Meta-analysis of data from seven different studies was completed, however, and shows clear benefit from corticosteroid therapy.
According to the meta-analysis, the steroid dexamethasone has been used in three trials involving a total of nearly 1,300 patients, and appears to reduce the risk of death by 36% compared to standard care.
Hydrocortisone was used in three trials involving a smaller number of patients (374) and reduced the risk of death by 31%, the Sterne group reported.
Corticosteroids can have serious side effects, but the meta-analysis found little difference in “serious adverse events” between patients who received the drugs and those who did not.
Yet some questions remain.
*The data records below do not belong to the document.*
lemma aut_K_fix_translated_triangles:
  assumes f: "f \<in> map_aut Ktiling" and "type3636 (a, b)" and fixed: "\<forall>p\<in>up_tri a b. f p = p"
  shows "\<forall>p\<in>up_tri (a + 1) (b + 1) \<union> up_tri (a - 1) (b - 1) \<union> up_tri (a + 4) b \<union> up_tri (a - 4) b.
    f p = p"
proof -
  let ?t = "(a - 1, b + 1)" and ?U = "up_tri 2 0 \<union> up_tri 0 (-2) \<union> up_tri 5 (-1) \<union> up_tri (-3) (-1)"
  have t: "hex_center ?t" using \<open>type3636 (a, b)\<close> by (simp add: type3636_def) presburger
  moreover have "hex_center (- ?t)" using t by (simp only: hex_center_uminus)
  ultimately have g: "transl (- ?t) \<circ> f \<circ> transl ?t \<in> map_aut Ktiling"
    by (intro aut_K_comp transl_aut f)
  have "(\<lambda>p. p + ?t) ` up_tri 1 (-1) = up_tri a b" by (simp add: translate_up_tri)
  moreover have "up_tri 1 (-1) \<subseteq> KV" "?U \<subseteq> KV" by (simp_all add: up_tri_def)
  ultimately have "\<forall>p\<in>up_tri 1 (-1). (transl (- ?t) \<circ> f \<circ> transl ?t) p = p"
    using transl_conj_fixes[OF f t] fixed by blast
  then have "\<forall>p\<in>?U. (transl (- ?t) \<circ> f \<circ> transl ?t) p = p"
    by (rule aut_K_fix_neighbour_triangles[OF g])
  moreover have "(\<lambda>p. p + ?t) ` ?U =
      up_tri (a + 1) (b + 1) \<union> up_tri (a - 1) (b - 1) \<union> up_tri (a + 4) b \<union> up_tri (a - 4) b"
    by (simp add: image_Un translate_up_tri algebra_simps)
  ultimately show ?thesis
    using transl_conj_fixes[OF f t \<open>?U \<subseteq> KV\<close>] by simp
qed

lemma aut_K_fix_type3636_triangles:
  assumes f: "f \<in> map_aut Ktiling" and T0: "\<forall>p\<in>up_tri 1 (-1). f p = p" and "type3636 (a, b)"
  shows "\<forall>p\<in>up_tri a b. f p = p"
proof -
  define P where "P x y \<longleftrightarrow> (\<forall>p\<in>up_tri x y. f p = p)" for x y
  have step: "P (x + 1) (y + 1) \<and> P (x - 1) (y - 1) \<and> P (x + 4) y \<and> P (x - 4) y"
    if "P x y" "(x - y) mod 4 = 2" for x y
    using aut_K_fix_translated_triangles[OF f _ that(1)[unfolded P_def]] that(2)
    by (simp add: P_def type3636_def)
  have row: "P (1 + 4 * n) (-1)" for n :: int
  proof (induction n rule: int_induct[where k = 0])
    case base
    then show ?case using T0 by (simp add: P_def)
  next
    case (step1 i)
    have "P (1 + 4 * i + 4) (-1)" using step[OF step1(2)] by simp
    then show ?case by (simp add: distrib_left add.assoc)
  next
    case (step2 i)
    have "P (1 + 4 * i - 4) (-1)" using step[OF step2(2)] by simp
    then show ?case by (simp add: right_diff_distrib diff_add_eq)
  qed
  have diagonal: "P (1 + 4 * n + k) (k - 1)" for n k :: int
  proof (induction k rule: int_induct[where k = 0])
    case base
    then show ?case using row by simp
  next
    case (step1 i)
    have "P (1 + 4 * n + i + 1) (i - 1 + 1)" using step[OF step1(2)] by simp
    then show ?case by (simp add: add.assoc)
  next
    case (step2 i)
    have "P (1 + 4 * n + i - 1) (i - 1 - 1)" using step[OF step2(2)] by simp
    then show ?case by (simp add: diff_add_eq add_diff_eq)
  qed
  have "(a - b) mod 4 = 2" using \<open>type3636 (a, b)\<close> by (simp add: type3636_def)
  then have "1 + 4 * ((a - b) div 4) + (b + 1) = a"
    using div_mult_mod_eq[of "a - b" 4] by linarith
  then show ?thesis using diagonal[of "(a - b) div 4" "b + 1"] by (simp add: P_def)
qed

lemma KV_in_type3636_up_tri:
  assumes "p \<in> KV"
  obtains a b where "type3636 (a, b)" "p \<in> up_tri a b"
proof -
  obtain x y where p: "p = (x, y)" by (cases p)
  then have "(x - y) mod 4 = 1 \<or> (x - y) mod 4 = 2 \<or> (x - y) mod 4 = 3"
    using assms by simp presburger
  then show ?thesis
  proof (elim disjE)
    assume "(x - y) mod 4 = 1"
    then show ?thesis by (intro that[of x "y - 1"]) (simp_all add: p type3636_def up_tri_def, presburger)
  next
    assume "(x - y) mod 4 = 2"
    then show ?thesis by (intro that[of x y]) (simp_all add: p type3636_def up_tri_def)
  next
    assume "(x - y) mod 4 = 3"
    then show ?thesis by (intro that[of "x - 1" y]) (simp_all add: p type3636_def up_tri_def, presburger)
  qed
qed

lemma aut_K_rigid:
  assumes "f \<in> map_aut Ktiling" "\<forall>p\<in>up_tri 1 (-1). f p = p" "p \<in> KV"
  shows "f p = p"
  using assms aut_K_fix_type3636_triangles by (metis KV_in_type3636_up_tri)

lemma aut_K_eq_if_eq_on_base_triangle:
  assumes g: "g \<in> map_aut Ktiling" and h: "h \<in> map_aut Ktiling" and h': "h' \<in> map_aut Ktiling"
    and inverse: "\<And>x. h (h' x) = x" "\<And>x. h' (h x) = x"
    and base: "\<forall>p\<in>up_tri 1 (-1). g p = h p"
  shows "g = h"
proof
  fix p
  show "g p = h p"
  proof (cases "p \<in> KV")
    case True
    have "h' \<circ> g \<in> map_aut Ktiling" using h' g by (rule aut_K_comp)
    moreover have "\<forall>p\<in>up_tri 1 (-1). (h' \<circ> g) p = p" using base inverse(2) by simp
    ultimately have "(h' \<circ> g) p = p" using True by (rule aut_K_rigid)
    then show ?thesis using inverse(1) by (metis comp_apply)
  next
    case False
    then show ?thesis using g h by (simp add: Ktiling_def map_aut_outside)
  qed
qed

section \<open>Orientation-preserving automorphisms\<close>

lemma type3636_vertex_of_up_tri:
  "type3636 (a, b) \<Longrightarrow> p \<in> up_tri a b \<Longrightarrow> type3636 p \<Longrightarrow> p = (a, b)"
  by (auto simp: up_tri_def type3636_def; presburger)

lemma type3636_vertex_of_down_tri:
  "type3636 (a, b) \<Longrightarrow> p \<in> down_tri a b \<Longrightarrow> type3636 p \<Longrightarrow> p = (a + 1, b + 1)"
  by (auto simp: down_tri_def type3636_def; presburger)

lemma aut_K_base_triangle_image:
  assumes g: "g \<in> map_aut Ktiling" and og: "orientation_preserving g"
  obtains (translation) t where "hex_center t" "\<forall>p\<in>up_tri 1 (-1). g p = p + t"
    | (rotation) c where "hex_center c" "\<forall>p\<in>up_tri 1 (-1). g p = c - p"
proof -
  have g': "g \<in> map_aut (KV, KE, KF)" using g by (simp add: Ktiling_def)
  have inj: "inj g" by (rule map_aut_inj[OF g'])
  have "g ` up_tri 1 (-1) \<in> KF" using map_aut_faces[OF g'] faces_near_origin(1) by blast
  moreover have "card (g ` up_tri 1 (-1)) = 3" using inj by (simp add: card_image inj_on_subset)
  ultimately obtain a b where ab: "type3636 (a, b)"
    and image: "g ` up_tri 1 (-1) = up_tri a b \<or> g ` up_tri 1 (-1) = down_tri a b"
    by (rule KF_triangle_cases)
  have type: "type3636 (g (1,-1))" by (rule aut_K_type3636[OF g]) (simp_all add: type3636_def)
  have "orient (1,-1) (2,-1) (1,0) > 0" by (simp add: orient_def)
  then have positive: "orient (g (1,-1)) (g (2,-1)) (g (1,0)) > 0"
    using og faces_near_origin(1) unfolding orientation_preserving_def up_tri_def by simp
  have distinct: "g (2,-1) \<noteq> g (1,-1)" "g (1,0) \<noteq> g (1,-1)" "g (2,-1) \<noteq> g (1,0)"
    using inj by (simp_all add: inj_eq)
  have mem: "g (1,-1) \<in> g ` up_tri 1 (-1)" "g (2,-1) \<in> g ` up_tri 1 (-1)" "g (1,0) \<in> g ` up_tri 1 (-1)"
    by (simp_all add: up_tri_def)
  from image show ?thesis
  proof
    assume up: "g ` up_tri 1 (-1) = up_tri a b"
    then have "g (1,-1) = (a, b)" using type3636_vertex_of_up_tri ab type mem(1) by simp
    then have "g (2,-1) = (a + 1, b) \<and> g (1,0) = (a, b + 1)"
      using mem(2,3) distinct positive unfolding up by (auto simp: up_tri_def orient_def)
    moreover have "hex_center (a - 1, b + 1)" using ab by (simp add: type3636_def) presburger
    ultimately show ?thesis
      using \<open>g (1,-1) = (a, b)\<close> by (intro translation[of "(a - 1, b + 1)"]) (simp_all add: up_tri_def)
  next
    assume down: "g ` up_tri 1 (-1) = down_tri a b"
    then have "g (1,-1) = (a + 1, b + 1)" using type3636_vertex_of_down_tri ab type mem(1) by simp
    then have "g (2,-1) = (a, b + 1) \<and> g (1,0) = (a + 1, b)"
      using mem(2,3) distinct positive unfolding down by (auto simp: down_tri_def orient_def)
    moreover have "hex_center (a + 2, b)" using ab by (simp add: type3636_def) presburger
    ultimately show ?thesis
      using \<open>g (1,-1) = (a + 1, b + 1)\<close> by (intro rotation[of "(a + 2, b)"]) (simp_all add: up_tri_def)
  qed
qed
According to editorialists Prescott and Rice, these questions include: “Does inflammation rebound after stopping corticosteroids? … Should less seriously ill or out-of-hospital patients be treated with corticosteroids? … Remdesivir or should other potentially active therapies be given with corticosteroids? “
Overall, however, the results of the new trials published online September 2 at JAMA are encouraging, said Prescott and Rice.
“The COVID-19 pandemic has brought fear and a sea of change to the world,” they said. “These studies provide evidence and some hope that an effective, inexpensive and safe treatment has been identified.”